!!!Sardinischer Krieg

Sardinian War, 1) 1848/1849: The  Revolution of 1848 had the character 
of a national revolution against foreign rule in the Italian provinces 
held by the Austro-Hungarian Monarchy, i.e. Lombardy and Veneto. After 
the  March Revolution in Vienna, Venice (March 17) and Milan (March 
18) rose up and drove out the Austrian military which, under the 
command of J.  Radetzky retreated at first to its fortresses. The 
Italian kingdom of Sardinia (Piedmont) supported the rebellion, 
invaded Lombardy and seized the capital, Milan. But the Austrian army 
defeated the Sardinians under the leadership of Radetzky at Santa 
Lucia (May 6) and Custozza (July 25), and again in 1849, when the 
armistice concluded thereafter was broken by the King of Sardinia, at 
Mortara (March 21) and Novara (March 23). The city of Brescia was 
defeated by General J. v.  Haynau with particular force. The 
Treaty of Milan (August 6, 1849) restored conditions in the region to 
what they had been before the uprisings, which included reinstating 
the Habsburg archdukes who had been driven out of the Italian 
provinces (Grand Duke Leopold II of Tuscany and Duke Franz V 
of Modena). On August 22, 1849 even the rebellious Venice (which had 
again become a republic) was forced to capitulate to Radetzky, whose 
fame and popularity in Austria stemmed primarily from these victories.

\\
2) 1859: War broke out when the Italian Kingdom of Sardinia, allied 
with France (Napoleon III), supported the Italian nationalists in 
the then Austrian provinces of Lombardy and Veneto.
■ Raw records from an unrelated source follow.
definition tail_moment :: "'a::metric_space \<Rightarrow> real \<Rightarrow> 'a measure \<Rightarrow> ennreal" where
  "tail_moment x0 R \<mu> = (\<integral>\<^sup>+ x. ennreal (dist x0 x) * indicator {x. R < dist x0 x} x \<partial>\<mu>)"

lemma tail_moment_antimono: "R \<le> R' \<Longrightarrow> tail_moment x0 R' \<mu> \<le> tail_moment x0 R \<mu>"
  unfolding tail_moment_def by (intro nn_integral_mono) (auto split: split_indicator)

lemma tail_moment_eventually_less:
  assumes "\<mu> \<in> P1" "e > 0"
  shows "eventually (\<lambda>R. tail_moment x0 R \<mu> < e) at_top"
proof -
  define f where "f n x = ennreal (dist x0 x) * indicator {x. real n < dist x0 x} x" for n x
  have "(INF n. integral\<^sup>N \<mu> (f n)) = (\<integral>\<^sup>+ x. (INF n. f n x) \<partial>\<mu>)"
  proof (rule nn_integral_monotone_convergence_INF_decseq[symmetric])
    show "decseq f"
      unfolding f_def by (intro decseq_SucI le_funI) (auto split: split_indicator)
    show "f n \<in> borel_measurable \<mu>" for n
      unfolding f_def measurable_P1[OF assms(1)]
      by (intro borel_measurable_times_ennreal borel_measurable_continuous_ennreal
          borel_measurable_indicator borel_open open_Collect_less continuous_intros)
    show "integral\<^sup>N \<mu> (f 0) < \<infinity>"
      using nn_integral_dist_P1_finite[OF assms(1), of x0] unfolding f_def
      by (rule le_less_trans[rotated]) (intro nn_integral_mono, simp split: split_indicator)
  qed
  also have "(\<lambda>x. INF n. f n x) = (\<lambda>x. 0)"
  proof
    fix x
    obtain n :: nat where "dist x0 x \<le> n" using real_arch_simple by blast
    then have "f n x = 0" unfolding f_def by simp
    then show "(INF n. f n x) = 0" by (metis INF_lower UNIV_I le_zero_eq)
  qed
  finally have "(INF n. integral\<^sup>N \<mu> (f n)) < e" using assms(2) by simp
  then obtain n where n: "integral\<^sup>N \<mu> (f n) < e" by (auto simp: INF_less_iff)
  have "tail_moment x0 R \<mu> < e" if "real n \<le> R" for R
  proof -
    have "tail_moment x0 R \<mu> \<le> integral\<^sup>N \<mu> (f n)"
      using tail_moment_antimono[OF that] unfolding tail_moment_def f_def .
    then show ?thesis using n by simp
  qed
  then show ?thesis unfolding eventually_at_top_linorder by blast
qed

lemma couplingsD:
  assumes "\<pi> \<in> couplings \<mu> \<nu>"
  shows "prob_space \<pi>" "sets \<pi> = sets borel" "space \<pi> = UNIV"
    "distr \<pi> borel fst = \<mu>" "distr \<pi> borel snd = \<nu>"
  using assms unfolding couplings_def by (auto dest: sets_eq_imp_space_eq)

lemma measurable_couplings [measurable_cong]:
  "\<pi> \<in> couplings \<mu> \<nu> \<Longrightarrow> measurable \<pi> N = measurable borel N"
  using couplingsD(2) by (intro measurable_cong_sets) auto

lemma nn_integral_couplings_fst:
  assumes "\<pi> \<in> couplings \<mu> \<nu>" "f \<in> borel_measurable borel"
  shows "(\<integral>\<^sup>+ p. f (fst p) \<partial>\<pi>) = (\<integral>\<^sup>+ x. f x \<partial>\<mu>)"
proof -
  have "fst \<in> measurable \<pi> borel"
    using assms(1) by (simp add: measurable_couplings borel_measurable_continuous_onI continuous_on_fst)
  then show ?thesis
    using assms by (subst couplingsD(4)[OF assms(1), symmetric]) (simp add: nn_integral_distr)
qed

lemma nn_integral_couplings_snd:
  assumes "\<pi> \<in> couplings \<mu> \<nu>" "f \<in> borel_measurable borel"
  shows "(\<integral>\<^sup>+ p. f (snd p) \<partial>\<pi>) = (\<integral>\<^sup>+ x. f x \<partial>\<nu>)"
proof -
  have "snd \<in> measurable \<pi> borel"
    using assms(1) by (simp add: measurable_couplings borel_measurable_continuous_onI continuous_on_snd)
  then show ?thesis
    using assms by (subst couplingsD(5)[OF assms(1), symmetric]) (simp add: nn_integral_distr)
qed

lemma integral_couplings_fst:
  fixes f :: "'a::metric_space \<Rightarrow> real"
  assumes "\<pi> \<in> couplings \<mu> \<nu>" "f \<in> borel_measurable borel"
  shows "(\<integral>p. f (fst p) \<partial>\<pi>) = (\<integral>x. f x \<partial>\<mu>)"
proof -
  have "fst \<in> measurable \<pi> borel"
    using assms(1) by (simp add: measurable_couplings borel_measurable_continuous_onI continuous_on_fst)
  from integral_distr[OF this assms(2)] show ?thesis
    using couplingsD(4)[OF assms(1)] by simp
qed

lemma integral_couplings_snd:
  fixes f :: "'a::metric_space \<Rightarrow> real"
  assumes "\<pi> \<in> couplings \<mu> \<nu>" "f \<in> borel_measurable borel"
  shows "(\<integral>p. f (snd p) \<partial>\<pi>) = (\<integral>x. f x \<partial>\<nu>)"
proof -
  have "snd \<in> measurable \<pi> borel"
    using assms(1) by (simp add: measurable_couplings borel_measurable_continuous_onI continuous_on_snd)
  from integral_distr[OF this assms(2)] show ?thesis
    using couplingsD(5)[OF assms(1)] by simp
qed

lemma distr_eq_of_nn_integral:
  assumes "sets M = sets borel" "sets \<mu> = sets borel" "g \<in> borel_measurable M"
    and "\<And>f. f \<in> borel_measurable borel \<Longrightarrow> (\<integral>\<^sup>+ z. f (g z) \<partial>M) = (\<integral>\<^sup>+ x. f x \<partial>\<mu>)"
  shows "distr M borel g = \<mu>"
proof (rule measure_eqI)
  fix A assume "A \<in> sets (distr M borel g)"
  then have A: "A \<in> sets borel" by simp
  then have "emeasure (distr M borel g) A = (\<integral>\<^sup>+ x. indicator A x \<partial>distr M borel g)"
    by simp
  also have "\<dots> = (\<integral>\<^sup>+ z. indicator A (g z) \<partial>M)"
    using A assms(3) by (intro nn_integral_distr) simp_all
  also have "\<dots> = emeasure \<mu> A"
    using A assms by simp
  finally show "emeasure (distr M borel g) A = emeasure \<mu> A" .
qed (use assms in simp)

lemma couplingsI_nn_integral:
  assumes "sets \<pi> = sets borel" "\<mu> \<in> P1" "\<nu> \<in> P1"
    and "\<And>f. f \<in> borel_measurable borel \<Longrightarrow> (\<integral>\<^sup>+ p. f (fst p) \<partial>\<pi>) = (\<integral>\<^sup>+ x. f x \<partial>\<mu>)"
    and "\<And>f. f \<in> borel_measurable borel \<Longrightarrow> (\<integral>\<^sup>+ p. f (snd p) \<partial>\<pi>) = (\<integral>\<^sup>+ x. f x \<partial>\<nu>)"
  shows "\<pi> \<in> couplings \<mu> \<nu>"
proof -
  have meas: "measurable \<pi> N = measurable borel N" for N
    using assms(1) by (intro measurable_cong_sets) auto
  have "emeasure \<pi> (space \<pi>) = (\<integral>\<^sup>+ p. (\<lambda>_. 1) (fst p) \<partial>\<pi>)"
    using assms(1) by (simp add: sets_eq_imp_space_eq)
  also have "\<dots> = 1"
    using assms(4)[of "\<lambda>_. 1"] prob_space.emeasure_space_1[OF P1D(1)[OF assms(2)]] by simp
  finally have "prob_space \<pi>" by (rule prob_spaceI)
  moreover have "distr \<pi> borel fst = \<mu>"
    by (rule distr_eq_of_nn_integral)
      (use assms P1D(2)[OF assms(2)] in \<open>simp_all add: meas borel_measurable_continuous_onI continuous_on_fst\<close>)
  moreover have "distr \<pi> borel snd = \<nu>"
    by (rule distr_eq_of_nn_integral)
      (use assms P1D(2)[OF assms(3)] in \<open>simp_all add: meas borel_measurable_continuous_onI continuous_on_snd\<close>)
  ultimately show ?thesis using assms(1) unfolding couplings_def by blast
qed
The Austrian army 
under the leadership of Field Marshall F.  Gyulai suffered a decisive 
defeat at the hands of the Sardinian and French armies at Magenta 
(June 4) and at Solferino (June 24). Under terms agreed upon at the 
Conference of Zurich (November 10, 1859) Austria ceded Lombardy (with 
the exception of the fortresses Mantua and Peschiera) to 
Napoleon III, who then gave them to Sardinia. The house of 
Habsburg was also forced to accept the loss of its Italian 
secundogenitures (Grand Duke Leopold III of Tuscany and Duke Franz V 
of Modena were removed from power by means of plebiscites) and Italy 
was united as a nation-state. The defeat shook Austria ( Neoabsolutism 
) and became one of the catalysts for Emperor Franz Joseph´s 
democratisation measures. - The tremendous loss of life and bloodshed 
at the Battle of Solferino was the stimulus for the founding of the  
Red Cross.

!Literature
Der Krieg in Italien 1859, 3 vols., 1872-76 (Oe. 
Generalstabswerk); La guerra del 1859 ..., 1910-12 (Ital. 
Generalstabswerk); G. Porzio, La guerra regia in Italia nell´ 
1848/49, 1955; B. Wallnig-Mazohl, Die Uebergabe der Lombardei an 
Sardinien-Piemont 1859, Roem. historische Mttlg. 15, 1973.